(* Let $\mathcal{D}$ be a DAG on vertex set $[p]$, let $\mathcal{V} \subseteq [p]$, and let $k \in \mathcal{V}$. If $R_{\mathcal{D}}(\mathcal{V}, k) > 0$, then $k \in \mathrm{Maximal}(\mathcal{D}, \mathcal{V})$, i.e. no (proper) descendant of $k$ in $\mathcal{D}$ lies in $\mathcal{V}$.
   Context: For a DAG $\mathcal{D}$ on $[p]$ and $i, j \in [p]$, $S \subseteq [p]\setminus\{i,j\}$, write $i \not\perp\!\!\!\perp_{\mathcal{D}} j \mid S$ if $i$ and $j$ are d-connected given $S$ in $\mathcal{D}$. For $\mathcal{V} \subseteq [p]$, the moral subgraph $\mathcal{M}_{\mathcal{V}}(\mathcal{D})$ is the undirected graph with vertex set $\mathcal{V}$ and edge set $\{ i - j : i \neq j \in \mathcal{V},\ i \not\perp\!\!\!\perp_{\mathcal{D}} j \mid \mathcal{V}\setminus\{i,j\}\}$. $\mathcal{G}[W]$ denotes the induced subgraph of an undirected graph $\mathcal{G}$ on $W$, and $\mathcal{V}\setminus k := \mathcal{V}\setminus\{k\}$. The removed edge set is $\mathcal{R}_{\mathcal{D}}(\mathcal{V}, k) = \mathcal{M}_{\mathcal{V}}(\mathcal{D})[\mathcal{V}\setminus k] \setminus \mathcal{M}_{\mathcal{V}\setminus k}(\mathcal{D})$ (edges of the induced subgraph of $\mathcal{M}_{\mathcal{V}}(\mathcal{D})$ on $\mathcal{V}\setminus k$ that are absent from $\mathcal{M}_{\mathcal{V}\setminus k}(\mathcal{D})$), and the removal score is $R_{\mathcal{D}}(\mathcal{V}, k) = |\mathcal{R}_{\mathcal{D}}(\mathcal{V}, k)|$. With $\mathrm{de}_{\mathcal{D}}(v)$ the set of descendants of $v$ in $\mathcal{D}$ (nodes reachable from $v$ by a nonempty directed path, excluding $v$ itself), $\mathrm{Maximal}(\mathcal{D}, \mathcal{V}) := \{ v \in \mathcal{V} : \mathrm{de}_{\mathcal{D}}(v) \cap \mathcal{V} = \emptyset \}$. *)

theory Defs
  imports Main
begin

text \<open>A DAG on vertex set [p] = {1..p} is an edge relation E (pairs (u,v) meaning u -> v)
  contained in {1..p} x {1..p} and acyclic.\<close>

definition is_dag :: "nat \<Rightarrow> (nat \<times> nat) set \<Rightarrow> bool" where
  "is_dag p E \<longleftrightarrow> E \<subseteq> {1..p} \<times> {1..p} \<and> acyclic E"

definition adj :: "(nat \<times> nat) set \<Rightarrow> nat \<Rightarrow> nat \<Rightarrow> bool" where
  "adj E u v \<longleftrightarrow> (u, v) \<in> E \<or> (v, u) \<in> E"

definition collider :: "(nat \<times> nat) set \<Rightarrow> nat list \<Rightarrow> nat \<Rightarrow> bool" where
  "collider E ps m \<longleftrightarrow> (ps ! (m - 1), ps ! m) \<in> E \<and> (ps ! (m + 1), ps ! m) \<in> E"

definition d_connected :: "(nat \<times> nat) set \<Rightarrow> nat \<Rightarrow> nat \<Rightarrow> nat set \<Rightarrow> bool" where
  "d_connected E i j S \<longleftrightarrow>
     (\<exists>ps. length ps \<ge> 2 \<and> hd ps = i \<and> last ps = j \<and> distinct ps \<and>
       (\<forall>m. m + 1 < length ps \<longrightarrow> adj E (ps ! m) (ps ! (m + 1))) \<and>
       (\<forall>m. 0 < m \<and> m + 1 < length ps \<longrightarrow>
          (if collider E ps m then (\<exists>w \<in> S. (ps ! m, w) \<in> E\<^sup>*)
           else ps ! m \<notin> S)))"

text \<open>Edge set of the moral subgraph M_V(D), undirected edges as 2-element sets.\<close>
definition moral_edges :: "(nat \<times> nat) set \<Rightarrow> nat set \<Rightarrow> nat set set" where
  "moral_edges E V = {{i, j} | i j. i \<in> V \<and> j \<in> V \<and> i \<noteq> j \<and> d_connected E i j (V - {i, j})}"

definition induced_edges :: "nat set set \<Rightarrow> nat set \<Rightarrow> nat set set" where
  "induced_edges F W = {e \<in> F. e \<subseteq> W}"

definition removed_edges :: "(nat \<times> nat) set \<Rightarrow> nat set \<Rightarrow> nat \<Rightarrow> nat set set" where
  "removed_edges E V k = induced_edges (moral_edges E V) (V - {k}) - moral_edges E (V - {k})"

definition removal_score :: "(nat \<times> nat) set \<Rightarrow> nat set \<Rightarrow> nat \<Rightarrow> nat" where
  "removal_score E V k = card (removed_edges E V k)"

definition descendants :: "(nat \<times> nat) set \<Rightarrow> nat \<Rightarrow> nat set" where
  "descendants E v = {w. (v, w) \<in> E\<^sup>+}"

definition Maximal :: "(nat \<times> nat) set \<Rightarrow> nat set \<Rightarrow> nat set" where
  "Maximal E V = {v \<in> V. descendants E v \<inter> V = {}}"

end

theory Submission
  imports Defs
begin

text \<open>
  If k has a descendant w \<in> V, every path that d-connects i and
  j given V - {i, j} can be turned into one that d-connects them given
  V - {k, i, j}. Non-colliders stay unblocked, and a collider that was activated only
  through k still lies above w: either w \<notin> {i, j} keeps it active, or it
  is an ancestor of i or j and the trail is rerouted along that directed path.
  Rerouting yields walks rather than paths, so reachability along active trails is tracked
  Bayes-ball style, and an active walk between distinct endpoints is shortened to an active path
  by cutting out the loop between two visits of the same vertex; acyclicity keeps the junction
  active.
\<close>

lemma acyclic_edge_asym: "acyclic E \<Longrightarrow> (a, b) \<in> E \<Longrightarrow> (b, a) \<notin> E"
  by (meson acyclic_def r_into_trancl trancl_into_trancl)

definition active_walk :: "(nat \<times> nat) set \<Rightarrow> nat set \<Rightarrow> (nat \<Rightarrow> nat) \<Rightarrow> nat \<Rightarrow> bool" where
  "active_walk E Z f n \<longleftrightarrow> 2 \<le> n \<and> (\<forall>m. m + 1 < n \<longrightarrow> adj E (f m) (f (m + 1))) \<and>
     (\<forall>m. 0 < m \<and> m + 1 < n \<longrightarrow>
        (if (f (m - 1), f m) \<in> E \<and> (f (m + 1), f m) \<in> E then (\<exists>w\<in>Z. (f m, w) \<in> E\<^sup>*)
         else f m \<notin> Z))"

lemma active_walk_length: "active_walk E Z f n \<Longrightarrow> 2 \<le> n"
  unfolding active_walk_def by blast

lemma active_walk_adj: "active_walk E Z f n \<Longrightarrow> m + 1 < n \<Longrightarrow> adj E (f m) (f (m + 1))"
  unfolding active_walk_def by blast

lemma active_walk_active:
  "active_walk E Z f n \<Longrightarrow> 0 < m \<Longrightarrow> m + 1 < n \<Longrightarrow>
    if (f (m - 1), f m) \<in> E \<and> (f (m + 1), f m) \<in> E then (\<exists>w\<in>Z. (f m, w) \<in> E\<^sup>*) else f m \<notin> Z"
  unfolding active_walk_def by blast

□ □ □ □ □ □ □

Action item:
Take the stretch of lines above from the one containing "F. e \<subseteq>" through the one containing "Rerouting yields walks" and repeat it exactly, adding no other line.

Output for this task:
  "induced_edges F W = {e \<in> F. e \<subseteq> W}"

definition removed_edges :: "(nat \<times> nat) set \<Rightarrow> nat set \<Rightarrow> nat \<Rightarrow> nat set set" where
  "removed_edges E V k = induced_edges (moral_edges E V) (V - {k}) - moral_edges E (V - {k})"

definition removal_score :: "(nat \<times> nat) set \<Rightarrow> nat set \<Rightarrow> nat \<Rightarrow> nat" where
  "removal_score E V k = card (removed_edges E V k)"

definition descendants :: "(nat \<times> nat) set \<Rightarrow> nat \<Rightarrow> nat set" where
  "descendants E v = {w. (v, w) \<in> E\<^sup>+}"

definition Maximal :: "(nat \<times> nat) set \<Rightarrow> nat set \<Rightarrow> nat set" where
  "Maximal E V = {v \<in> V. descendants E v \<inter> V = {}}"

end

theory Submission
  imports Defs
begin

text \<open>
  If k has a descendant w \<in> V, every path that d-connects i and
  j given V - {i, j} can be turned into one that d-connects them given
  V - {k, i, j}. Non-colliders stay unblocked, and a collider that was activated only
  through k still lies above w: either w \<notin> {i, j} keeps it active, or it
  is an ancestor of i or j and the trail is rerouted along that directed path.
  Rerouting yields walks rather than paths, so reachability along active trails is tracked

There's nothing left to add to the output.